5. Grab some friends, conquer a challenging coding problem on HackerRank over boba and pizza, fueled by the thrill of competitive programming and the promise of weekend relaxation.



Gemini returns a different response each time. Hmm. Steve doesn't like the fact that his Friday night might be determined by random chance.

Fortunately, Gemini has a temperature parameter that controls the randomness of the output. Temperature values can range from 0.0 to 2.0. We can check the temperature of our current model as follows:

In [7]:
for m in genai.list_models():
    if m.name == 'models/gemini-1.5-flash':
        print(m)

Model(name='models/gemini-1.5-flash',
      base_model_id='',
      version='001',
      display_name='Gemini 1.5 Flash',
      description=('Alias that points to the most recent stable version of Gemini 1.5 Flash, our '
                   'fast and versatile multimodal model for scaling across diverse tasks.'),
      input_token_limit=1000000,
      output_token_limit=8192,
      supported_generation_methods=['generateContent', 'countTokens'],
      temperature=1.0,
      max_temperature=2.0,
      top_p=0.95,
      top_k=40)


Let's initialize a new model with a temperature of 0:

In [8]:
model_name = 'gemini-1.5-flash'
new_outputs = []
low_temp_model = genai.GenerativeModel(model_name, generation_config={"temperature": 0})
for i in range(5):
  response = low_temp_model.generate_content(prompt)
  new_outputs.append(response.text)
for index, sentence in enumerate(new_outputs, start=1):
    print(f"{index}. {sentence}")

1. Grab some friends, conquer a challenging coding problem on HackerRank over boba tea, and then debate the merits of various programming languages until the wee hours.
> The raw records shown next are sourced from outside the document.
lemma hard_solve_model_const:
  assumes S: "is_mps D I Y S" "is_hard S" "is_dmp model S \<pi>" and "v \<in> A"
  shows "\<exists>c\<in>{0, 1}. \<forall>u. solve model S \<pi> u v = c"
  using \<open>v \<in> A\<close>
proof (induction v rule: wf_induct[OF finite_acyclic_wf[OF finite acyclic]])
  case (1 v)
  show ?case
  proof (cases "S v")
    case (Some Cs)
    with S(2) have "Cs = {}" by (simp add: is_hard_def)
    with S(3) Some have const: "\<pi> v x = \<pi> v (\<lambda>_. 0)" and rng: "\<pi> v (\<lambda>_. 0) \<in> Rng model v" for x
      unfolding is_dmp_def by blast+
    have "solve model S \<pi> u v = \<pi> v (\<lambda>_. 0)" for u
      using solve_intervened[OF wf_model compatible_model S(1,3) Some] const by simp
    moreover have "\<pi> v (\<lambda>_. 0) \<in> {0, 1}"
      using rng "1.prems" by (simp add: model_simps)
    ultimately show ?thesis by blast
  next
    case None
    note solve_v = solve_not_intervened[OF wf_model compatible_model S(1,3) None]
    show ?thesis
    proof (cases "v = X")
      case True
      with solve_v X_in_A Y_notin_A C_notin_A show ?thesis by (auto simp: model_simps)
    next
      case False
      with "1.prems" pred have "p v \<in> A" "(p v, v) \<in> D" by auto
      with "1.IH" obtain c where "\<forall>u. solve model S \<pi> u (p v) = c" by blast
      with solve_v False "1.prems" Y_notin_A C_notin_A show ?thesis
        by (auto simp: model_simps)
    qed
  qed
qed

lemma mu_hard:
  assumes "is_mps D I Y S" "is_hard S" "is_dmp model S \<pi>"
  shows "mu model S \<pi> Y = 1/2"
proof -
  obtain c where "c \<in> {0, 1}" "\<forall>u. solve model S \<pi> u (p Y) = c"
    using hard_solve_model_const[OF assms] pred[of Y] by blast
  with solve_model_Y[OF assms(1,3)]
  have "solve model S \<pi> u Y = of_bool (c = of_bool (u 0 \<noteq> 0))" for u
    by simp
  from mu_fair_coin[OF model_simps(2,3) this] \<open>c \<in> {0, 1}\<close> show ?thesis by auto
qed

definition mixed_scope :: "'v \<rightharpoonup> 'v set" where
  "mixed_scope = [X \<mapsto> {C}]"

lemma mixed_scope_apply: "mixed_scope v = (if v = X then Some {C} else None)"
  by (simp add: mixed_scope_def)

lemma mixed_scope_mps: "is_mps D I Y mixed_scope"
  using mixed_mps by (simp add: mixed_scope_def)

definition mixed_policy :: "'v \<Rightarrow> ('v \<Rightarrow> real) \<Rightarrow> real" where
  "mixed_policy v x = of_bool (x C = 0)"

lemma mixed_policy_dmp: "is_dmp model mixed_scope mixed_policy"
  using X_in_A by (auto simp: is_dmp_def mixed_scope_apply mixed_policy_def model_simps)

lemma mixed_solve_model:
  assumes "v \<in> A"
  shows "solve model mixed_scope mixed_policy u v = of_bool (u 0 = 0)"
proof -
  define x where "x = solve model mixed_scope mixed_policy u"
  note solve_rules = wf_model compatible_model mixed_scope_mps mixed_policy_dmp
  have Fn: "x w = Fn model w x u" if "w \<noteq> X" for w
    unfolding x_def by (rule solve_not_intervened[OF solve_rules]) (use that in \<open>simp add: mixed_scope_apply\<close>)
  have "C \<noteq> X"
    using X_in_A C_notin_A by blast
  with Fn C_neq_Y have "x C = of_bool (u 0 \<noteq> 0)"
    by (simp add: model_simps)
  moreover have "x X = mixed_policy X x"
    unfolding x_def by (rule solve_intervened[OF solve_rules]) (simp add: mixed_scope_apply)
  ultimately have x_X: "x X = of_bool (u 0 = 0)"
    by (simp add: mixed_policy_def)
  have "x v = of_bool (u 0 = 0)"
    using assms
  proof (induction v rule: wf_induct[OF finite_acyclic_wf[OF finite acyclic]])
    case (1 v)
    show ?case
    proof (cases "v = X")
      case True
      with x_X show ?thesis by simp
    next
      case False
      with "1.prems" pred have "p v \<in> A" "(p v, v) \<in> D" by auto
      moreover have "v \<noteq> Y" "v \<noteq> C"
        using "1.prems" Y_notin_A C_notin_A by auto
      ultimately show ?thesis
        using "1.IH" Fn[OF False] False "1.prems" by (simp add: model_simps)
    qed
  qed
  then show ?thesis by (simp add: x_def)
qed

lemma mu_mixed: "mu model mixed_scope mixed_policy Y = 0"
proof -
  have "solve model mixed_scope mixed_policy u Y = 0" for u
    using solve_model_Y[OF mixed_scope_mps mixed_policy_dmp] mixed_solve_model pred[of Y] by simp
  from mu_fair_coin[OF model_simps(2,3), of _ _ Y "\<lambda>_. 0"] this show ?thesis by simp
qed

lemma Inf_hard_gt_Inf_mixed:
  "Inf {mu model S \<pi> Y | S \<pi>. is_mps D I Y S \<and> is_hard S \<and> is_dmp model S \<pi>}
   > Inf {mu model S \<pi> Y | S \<pi>. is_mps D I Y S \<and> is_dmp model S \<pi>}"
  (is "Inf ?hard > Inf ?all")
proof -
  have empty: "is_mps D I Y Map.empty" "is_hard Map.empty" "is_dmp model Map.empty (\<lambda>_ _. 0)"
    using acyclic by (simp_all add: is_mps_def mps_graph_def is_hard_def is_dmp_def)
  have "?hard = {1/2}"
  proof
    show "?hard \<subseteq> {1/2}"
      using mu_hard by blast
    have "mu model Map.empty (\<lambda>_ _. 0) Y \<in> ?hard"
      using empty by blast
    then show "{1/2} \<subseteq> ?hard"
      using mu_hard[OF empty] by simp
  qed
  moreover have "Inf ?all \<le> 0"
  proof (rule cInf_lower)
    have "mu model mixed_scope mixed_policy Y \<in> ?all"
      using mixed_scope_mps mixed_policy_dmp by blast
    then show "0 \<in> ?all"
      by (simp add: mu_mixed)
    show "bdd_below ?all"
    proof (rule bdd_belowI)
      fix m assume "m \<in> ?all"
      then obtain S \<pi> where m: "m = mu model S \<pi> Y" and S: "is_mps D I Y S" "is_dmp model S \<pi>"
        by blast
      have "0 \<le> mu model S \<pi> Y"
        by (rule mu_nonneg) (simp add: solve_model_Y[OF S])
      with m show "0 \<le> m" by simp
    qed
  qed
  ultimately show ?thesis by simp
qed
2. Grab some friends, conquer a challenging coding problem on HackerRank over boba tea, then debate the merits of various programming languages until sunrise.
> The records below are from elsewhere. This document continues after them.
section \<open>Integrability near zero\<close>

definition grid_interval :: "real \<Rightarrow> nat \<Rightarrow> real set" where
  "grid_interval h k = {real k * h <.. (real k + 1) * h}"

lemma sets_M0_grid_interval: "0 < h \<Longrightarrow> grid_interval h k \<in> sets M0"
  unfolding grid_interval_def by (rule sets_M0_Ioc) simp

lemma emeasure_grid_interval: "0 < h \<Longrightarrow> emeasure M0 (grid_interval h k) = ennreal h"
  unfolding grid_interval_def by (subst emeasure_M0_Ioc) (auto simp: algebra_simps)

lemma grid_interval_pos: "0 < h \<Longrightarrow> x \<in> grid_interval h k \<Longrightarrow> 0 < x"
  unfolding grid_interval_def by (auto intro: le_less_trans[of 0 "real k * h"])

lemma grid_interval_unique:
  assumes h: "0 < h" and "x \<in> grid_interval h k" "x \<in> grid_interval h k'"
  shows "k = k'"
proof -
  from assms have "real k * h < x" "x \<le> (real k + 1) * h" "real k' * h < x" "x \<le> (real k' + 1) * h"
    by (auto simp: grid_interval_def)
  then have "real k * h < (real k' + 1) * h" "real k' * h < (real k + 1) * h"
    by linarith+
  then have "real k < real k' + 1" "real k' < real k + 1"
    using h by (simp_all add: mult_less_cancel_right)
  then show ?thesis
    by linarith
qed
3. Grab some friends, conquer a challenging coding problem on HackerRank over boba and pizza, fueled by the thrill of collaborative problem-solving and the promise of weekend relaxation.

4. Grab some friends, conquer a challenging coding problem on HackerRank over boba and pizza, fueled by the thrill of collaborative problem-solving and the promise of weekend relaxation.
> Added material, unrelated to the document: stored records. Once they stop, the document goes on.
(* Let $r\ge2$ and let $\mathcal{P}$ be a set of $r$-patterns such that the family of all $\mathcal{P}$-cliques is reconstructible. Then there is a constant $C>0$ such that a.a.s. $z_{\mathcal{P}}(\mathbb{RM}_n^{(r)})\le C n^{1/r}$.
   Context: An ordered $r$-matching of size $k$ is a set of $k$ pairwise disjoint $r$-element subsets (edges) of a linearly ordered vertex set of size $rk$; $\mathbb{RM}^{(r)}_n$ is a uniformly random ordered $r$-matching on $[rn]$. An $r$-pattern is an ordered $r$-matching of size 2 (written as a word over $\{A,B\}$, each letter $r$ times). For a set $\mathcal P$ of $r$-patterns, a $\mathcal P$-clique is an ordered matching all of whose pairs of edges form patterns in $\mathcal P$ (i.e., induce matchings order-isomorphic to members of $\mathcal P$), and $z_{\mathcal P}(M)$ is the largest size of a $\mathcal P$-clique contained in $M$. The trace $\mathrm{tr}(M)$ of an ordered $r$-matching $M$ is the word over $[r]$ obtained by writing, at each vertex (in the vertex order), the number $i$ if that vertex is the $i$-th vertex (from the left) of its edge. A family $\mathcal F$ of ordered matchings is reconstructible if no two distinct members of $\mathcal F$ on the same ordered vertex set have the same trace. "A.a.s." means with probability tending to 1 as $n\to\infty$. *)

theory Defs
  imports Complex_Main
begin

definition ordered_matching :: "nat \<Rightarrow> nat \<Rightarrow> nat set set \<Rightarrow> bool" where
  "ordered_matching r k M \<longleftrightarrow>
     (\<forall>e\<in>M. card e = r \<and> e \<subseteq> {0..<r*k}) \<and>
     (\<forall>e\<in>M. \<forall>f\<in>M. e \<noteq> f \<longrightarrow> e \<inter> f = {}) \<and>
     \<Union>M = {0..<r*k} \<and> finite M \<and> card M = k"

text \<open>All ordered r-matchings of size n; RM_n^(r) is uniform on this set.\<close>
definition matchings :: "nat \<Rightarrow> nat \<Rightarrow> nat set set set" where
  "matchings r n = {M. ordered_matching r n M}"

definition patterns :: "nat \<Rightarrow> nat set set set" where
  "patterns r = matchings r 2"

definition rank :: "nat set \<Rightarrow> nat \<Rightarrow> nat" where
  "rank S x = card {y\<in>S. y < x}"

definition induced_pattern :: "nat set \<Rightarrow> nat set \<Rightarrow> nat set set" where
  "induced_pattern e f = {rank (e \<union> f) ` e, rank (e \<union> f) ` f}"

definition is_clique :: "nat set set set \<Rightarrow> nat set set \<Rightarrow> bool" where
  "is_clique P N \<longleftrightarrow> (\<forall>e\<in>N. \<forall>f\<in>N. e \<noteq> f \<longrightarrow> induced_pattern e f \<in> P)"

definition z :: "nat set set set \<Rightarrow> nat set set \<Rightarrow> nat" where
  "z P M = Max {card N | N. N \<subseteq> M \<and> is_clique P N}"

text \<open>Trace of an ordered r-matching on {0..<m}: at vertex v write i if v is the
  i-th vertex (from the left, 1-based) of its edge.\<close>
definition trace :: "nat \<Rightarrow> nat set set \<Rightarrow> nat list" where
  "trace m M = map (\<lambda>v. Suc (card {u \<in> (THE e. e \<in> M \<and> v \<in> e). u < v})) [0..<m]"

definition clique_family_reconstructible :: "nat \<Rightarrow> nat set set set \<Rightarrow> bool" where
  "clique_family_reconstructible r P \<longleftrightarrow>
     (\<forall>k M1 M2. ordered_matching r k M1 \<and> is_clique P M1 \<and>
                ordered_matching r k M2 \<and> is_clique P M2 \<and>
                trace (r*k) M1 = trace (r*k) M2 \<longrightarrow> M1 = M2)"

definition prob_RM :: "nat \<Rightarrow> nat \<Rightarrow> (nat set set \<Rightarrow> bool) \<Rightarrow> real" where
  "prob_RM r n Q = real (card {M \<in> matchings r n. Q M}) / real (card (matchings r n))"

end

theory Submission
  imports Defs
begin

(* A first-moment argument. A P-clique with k edges inside a matching on [rn] is
   determined by its vertex set, an rk-subset of [rn], together with the trace of its
   order-preserving copy on [rk], because the family of P-cliques is reconstructible; so
   there are at most C(rn, rk) r^(rk) of them. Each extends to a perfect matching of the
   remaining r(n - k) vertices in (r(n-k))! / (r!^(n-k) (n-k)!) ways, out of
   (rn)! / (r!^n n!) matchings in total. Hence P(z >= k) <= r^(rk) r!^k n^k / (rk)!,
   which by (rk)! >= (rk/e)^(rk) is at most (r! e^r n / k^r)^k <= 2^(-k) once
   k^r >= 2 r! e^r n, in particular for k > C n^(1/r) with C = 2 r! e^r. *)

definition partial_matchings :: "nat \<Rightarrow> nat set \<Rightarrow> nat set set set" where
  "partial_matchings r W =
     {N. (\<forall>e\<in>N. card e = r \<and> e \<subseteq> W) \<and> (\<forall>e\<in>N. \<forall>f\<in>N. e \<noteq> f \<longrightarrow> e \<inter> f = {})}"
5. Grab some friends, conquer a challenging coding problem on HackerRank over boba tea, then debate the merits of various programming languages until sunrise.



All the outputs are the same! Finally Steve can be sure how to spend his night. Conversely, setting temperature to the max value of 2.0 would have the opposite effect, yielding more unpredictable responses.

## Max Output Length
Let's say Steve wants his outputs to be below a certain length. In large language models, text is generated in tokens. For Gemini models, a token is equivalent to about 4 characters. 100 tokens are about 60-80 English words. He can set the max_output_tokens variable as follows:

In [9]:
model_name = 'gemini-1.5-flash'
short_response_model = genai.GenerativeModel(model_name, generation_config={"max_output_tokens": 5})
prompt = "Help me choose a fun way to spend my Friday night as a CS major at Berkeley in a single one-sentence idea"
response = short_response_model.generate_content(prompt)
print(response.text)

Hack a collaborative coding project


Notice that this simply halts token generation at a fixed quantity and does not guarantee that the output is complete.

## Token Count
Let's say that Steve is being charged for every token that he inputs to Gemini.

If Steve has billing enabled, the price of a paid request is controlled by the number of input and output tokens, so knowing how to count your tokens is important. As such, Steve might want to know the number of tokens in his prompt (input) before actually putting it into the model.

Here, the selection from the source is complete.